**What you need to do:**
Using the records below, repeat exactly the lines from the one holding "hi(1) by blast+" through the one holding "obtain y where", both ends included, and no others.

**Extracted information:**
lemma inj_on_rank_chain:
  assumes C: "chain_in P le C"
  shows "inj_on r C"
proof (rule inj_onI)
  fix x y assume xy: "x \<in> C" "y \<in> C" "r x = r y"
  then have "le x y" "le y x" using chain_in_le_of_rank_le[OF C] by simp_all
  then show "x = y" using le_antisym xy chain_in_subset[OF C] by blast
qed

lemma rank_in_eq:
  assumes p: "p \<in> P"
  shows "rank_in P le p = r p"
proof (rule antisym)
  obtain W where W: "chain_in P le W" "p \<in> W" "\<forall>x\<in>W. le x p" "card W = rank_in P le p + 1"
    using rank_in_witness_chain[OF p] .
  have "inj_on r W" using inj_on_rank_chain[OF W(1)] .
  moreover have "r ` W \<subseteq> {0..r p}" using rank_mono W chain_in_subset[OF W(1)] p by fastforce
  ultimately have "card W \<le> card {0..r p}"
    by (metis card_image card_mono finite_atLeastAtMost)
  then show "rank_in P le p \<le> r p" using W(4) by simp
next
  have "\<exists>xs. chain_ending_at P le p xs \<and> length xs = r p + 1" if "p \<in> P" for p
    using that
  proof (induction "r p" arbitrary: p)
    case 0
    then show ?case by (intro exI[of _ "[p]"]) (simp add: chain_ending_at_def)
  next
    case (Suc k)
    obtain q where q: "q \<in> P" "strict le q p" "r q + 1 = r p"
      using lower_cover Suc by fastforce
    then obtain xs where xs: "chain_ending_at P le q xs" "length xs = r q + 1"
      using Suc.hyps(1)[of q] Suc.hyps(2) by fastforce
    have "\<forall>x\<in>set xs. strict le x p"
      using chain_ending_at_chain(2)[OF xs(1)] xs(1) q Suc.prems le_strict_trans
      unfolding chain_ending_at_def by blast
    then show ?case
      using chain_ending_at_snoc[OF xs(1) Suc.prems] xs(2) q(3) by (intro exI[of _ "xs @ [p]"]) simp
  qed
  then obtain xs where "chain_ending_at P le p xs" "length xs = r p + 1" using p by blast
  then show "r p \<le> rank_in P le p" using rank_in_ge[OF finite_carrier] by fastforce
qed

lemma maxchain_least_rank:
  assumes C: "maxchain_in P le C" and c: "c \<in> C" and least: "\<forall>d\<in>C. r c \<le> r d"
  shows "r c = 0"
proof (rule ccontr)
  assume "r c \<noteq> 0"
  have chC: "chain_in P le C" using maxchain_in_chain[OF C] .
  have cP: "c \<in> P" using c chain_in_subset[OF chC] by blast
  obtain q where q: "q \<in> P" "strict le q c" "r q + 1 = r c"
    using lower_cover[OF cP] \<open>r c \<noteq> 0\<close> by blast
  have "le q d" if "d \<in> C" for d
    using chain_in_le_of_rank_le[OF chC c that] least that q le_trans[of q c d] cP
      chain_in_subset[OF chC] unfolding strict_def by blast
  then have "q \<in> C" using maxchain_in_absorbs[OF C q(1)] by blast
  then show False using least q(3) by fastforce
qed

lemma maxchain_in_converse: "maxchain_in P (\<lambda>x y. le y x) C \<longleftrightarrow> maxchain_in P le C"
  unfolding maxchain_in_def chain_in_def by blast

lemma maxchain_greatest_rank:
  assumes C: "maxchain_in P le C" and c: "c \<in> C" and greatest: "\<forall>d\<in>C. r d \<le> r c"
  shows "r c = n"
proof -
  interpret dual: graded_poset P "\<lambda>x y. le y x" "\<lambda>x. n - r x" n by (rule graded_poset_converse)
  have "n - r c = 0"
    using dual.maxchain_least_rank C c greatest maxchain_in_converse by (meson diff_le_mono2)
  then show ?thesis using rank_le c chain_in_subset[OF maxchain_in_chain[OF C]] by fastforce
qed

lemma maxchain_consecutive_ranks:
  assumes C: "maxchain_in P le C" and xy: "x \<in> C" "y \<in> C" "r x < r y"
    and no_between: "\<forall>d\<in>C. r d \<le> r x \<or> r y \<le> r d"
  shows "r y = r x + 1"
proof (rule ccontr)
  assume "r y \<noteq> r x + 1"
  then have gap: "r x + 1 < r y" using xy(3) by linarith
  have chC: "chain_in P le C" using maxchain_in_chain[OF C] .
  have CP: "C \<subseteq> P" using chain_in_subset[OF chC] .
  have "strict le x y"
    using chain_in_le_of_rank_le[OF chC xy(1,2)] xy(3) unfolding strict_def by auto
  then obtain z where z: "z \<in> P" "strict le x z" "strict le z y"
    using strictly_between xy CP gap by blast
  have "le d z \<or> le z d" if "d \<in> C" for d
  proof (cases "r d \<le> r x")
    case True
    then show ?thesis
      using chain_in_le_of_rank_le[OF chC that xy(1)] le_trans[of d x z] z that xy CP
      unfolding strict_def by blast
  next
    case False
    then have "le y d" using chain_in_le_of_rank_le[OF chC xy(2) that] no_between that by fastforce
    then show ?thesis using le_trans[of z y d] z that xy CP unfolding strict_def by blast
  qed
  then have "z \<in> C" using maxchain_in_absorbs[OF C z(1)] by blast
  moreover have "r x < r z" "r z < r y" using rank_strict_mono z xy CP by blast+
  ultimately show False using no_between by fastforce
qed

lemma maxchain_rank_image:
  assumes C: "maxchain_in P le C" and ne: "C \<noteq> {}"
  shows "r ` C = {0..n}"
proof
  have CP: "C \<subseteq> P" and finC: "finite C"
    using chain_in_subset[OF maxchain_in_chain[OF C]] chain_in_finite[OF maxchain_in_chain[OF C]] .
  show "r ` C \<subseteq> {0..n}" using rank_le CP by auto
  obtain lo where lo: "lo \<in> C" "\<forall>d\<in>C. r lo \<le> r d"
    using finite_has_min_wrt[OF finC ne] by blast
  obtain hi where hi: "hi \<in> C" "\<forall>d\<in>C. r d \<le> r hi"
    using finite_has_max_wrt[OF finC ne] by blast
  have r_lo: "r lo = 0" and r_hi: "r hi = n"
    using maxchain_least_rank[OF C lo] maxchain_greatest_rank[OF C hi] .
  show "{0..n} \<subseteq> r ` C"
  proof
    fix k assume k: "k \<in> {0..n}"
    show "k \<in> r ` C"
    proof (rule ccontr)
      assume nk: "k \<notin> r ` C"
      let ?lo = "{d\<in>C. r d < k}" and ?hi = "{d\<in>C. k < r d}"
      have "k \<noteq> r lo" "k \<noteq> r hi" using nk lo(1) hi(1) by blast+
      then have "lo \<in> ?lo" "hi \<in> ?hi" using lo(1) hi(1) r_lo r_hi k by auto
      then have "?lo \<noteq> {}" "?hi \<noteq> {}" by blast+
      moreover have "finite ?lo" "finite ?hi" using finC by simp_all
      ultimately obtain x where x: "x \<in> ?lo" "\<forall>d\<in>?lo. r d \<le> r x"
        using finite_has_max_wrt[of ?lo r] by blast
      obtain y where y: "y \<in> ?hi" "\<forall>d\<in>?hi. r y \<le> r d"
        using finite_has_min_wrt[of ?hi r] \<open>?hi \<noteq> {}\<close> \<open>finite ?hi\<close> by blast
      have "\<forall>d\<in>C. r d \<le> r x \<or> r y \<le> r d"
      proof
        fix d assume d: "d \<in> C"
        then have "r d \<noteq> k" using nk by blast
        then have "r d < k \<or> k < r d" by linarith
        then show "r d \<le> r x \<or> r y \<le> r d" using x(2) y(2) d by blast
      qed
      moreover have "x \<in> C" "y \<in> C" "r x < k" "k < r y" using x(1) y(1) by simp_all
      ultimately have "r y = r x + 1" using maxchain_consecutive_ranks[OF C] by simp
      then show False using \<open>r x < k\<close> \<open>k < r y\<close> by simp
    qed
  qed
qed

lemma ranked_of_rank:
  assumes "P \<noteq> {}"
  shows "ranked_of_rank P le n"
  unfolding ranked_of_rank_def
proof (intro allI impI)
  fix C assume C: "maxchain_in P le C"
  obtain p where "p \<in> P" using assms by blast
  then have "C \<noteq> {}" using maxchain_in_absorbs[OF C] by blast
  then show "card C = n + 1"
    using card_image[OF inj_on_rank_chain[OF maxchain_in_chain[OF C]]] maxchain_rank_image[OF C]
    by simp
qed

end

section \<open>Covers in minimal automorphic graded posets\<close>

context graded_poset
begin

lemma automorphism_preserves_rank:
  assumes "order_automorphism P le s" "x \<in> P"
  shows "r (s x) = r x"
  using rank_in_automorphism[OF finite_carrier assms] rank_in_eq assms
    order_automorphismD(1)[OF assms(1)] by metis

definition lower_covers :: "'a \<Rightarrow> 'a set" where
  "lower_covers p = {q\<in>P. strict le q p \<and> r q + 1 = r p}"

definition upper_covers :: "'a \<Rightarrow> 'a set" where
  "upper_covers p = {q\<in>P. strict le p q \<and> r q = r p + 1}"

**Response to the task:**
      have "k \<noteq> r lo" "k \<noteq> r hi" using nk lo(1) hi(1) by blast+
      then have "lo \<in> ?lo" "hi \<in> ?hi" using lo(1) hi(1) r_lo r_hi k by auto
      then have "?lo \<noteq> {}" "?hi \<noteq> {}" by blast+
      moreover have "finite ?lo" "finite ?hi" using finC by simp_all
      ultimately obtain x where x: "x \<in> ?lo" "\<forall>d\<in>?lo. r d \<le> r x"
        using finite_has_max_wrt[of ?lo r] by blast
      obtain y where y: "y \<in> ?hi" "\<forall>d\<in>?hi. r y \<le> r d"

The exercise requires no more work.